[Stored data entries]

* * *

definition spanning_tree :: "point set \<Rightarrow> point set set \<Rightarrow> bool" where
  "spanning_tree P T \<longleftrightarrow>
     T \<subseteq> {{p, q} | p q. p \<in> P \<and> q \<in> P \<and> p \<noteq> q} \<and>
     (\<forall>p\<in>P. \<forall>q\<in>P. \<exists>!vs. is_path T p q vs)"

definition tree_dist :: "point set set \<Rightarrow> point \<Rightarrow> point \<Rightarrow> real" where
  "tree_dist T p q = path_weight (THE vs. is_path T p q vs)"

text \<open>Wiener index: sum over unordered pairs {p,q}; computed as half the sum over ordered
  pairs (tree_dist is symmetric and vanishes on the diagonal).\<close>
definition wiener :: "point set \<Rightarrow> point set set \<Rightarrow> real" where
  "wiener P T = (\<Sum>p\<in>P. \<Sum>q\<in>P. tree_dist T p q) / 2"

definition edges_cross :: "point set \<Rightarrow> point set \<Rightarrow> bool" where
  "edges_cross e f \<longleftrightarrow> (\<exists>p q r s x. e = {p, q} \<and> f = {r, s} \<and>
     closed_segment p q \<inter> closed_segment r s = {x} \<and>
     x \<in> open_segment p q \<and> x \<in> open_segment r s)"

definition planar_tree :: "point set set \<Rightarrow> bool" where
  "planar_tree T \<longleftrightarrow> (\<forall>e\<in>T. \<forall>f\<in>T. \<not> edges_cross e f)"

* * *

▸ **WHAT YOU WILL DO**
Wherever the string "forall" occurs in the records, copy the line it is in.

▸ **EXERCISE ANSWER**
     (\<forall>p\<in>P. \<forall>q\<in>P. \<exists>!vs. is_path T p q vs)"
  "planar_tree T \<longleftrightarrow> (\<forall>e\<in>T. \<forall>f\<in>T. \<not> edges_cross e f)"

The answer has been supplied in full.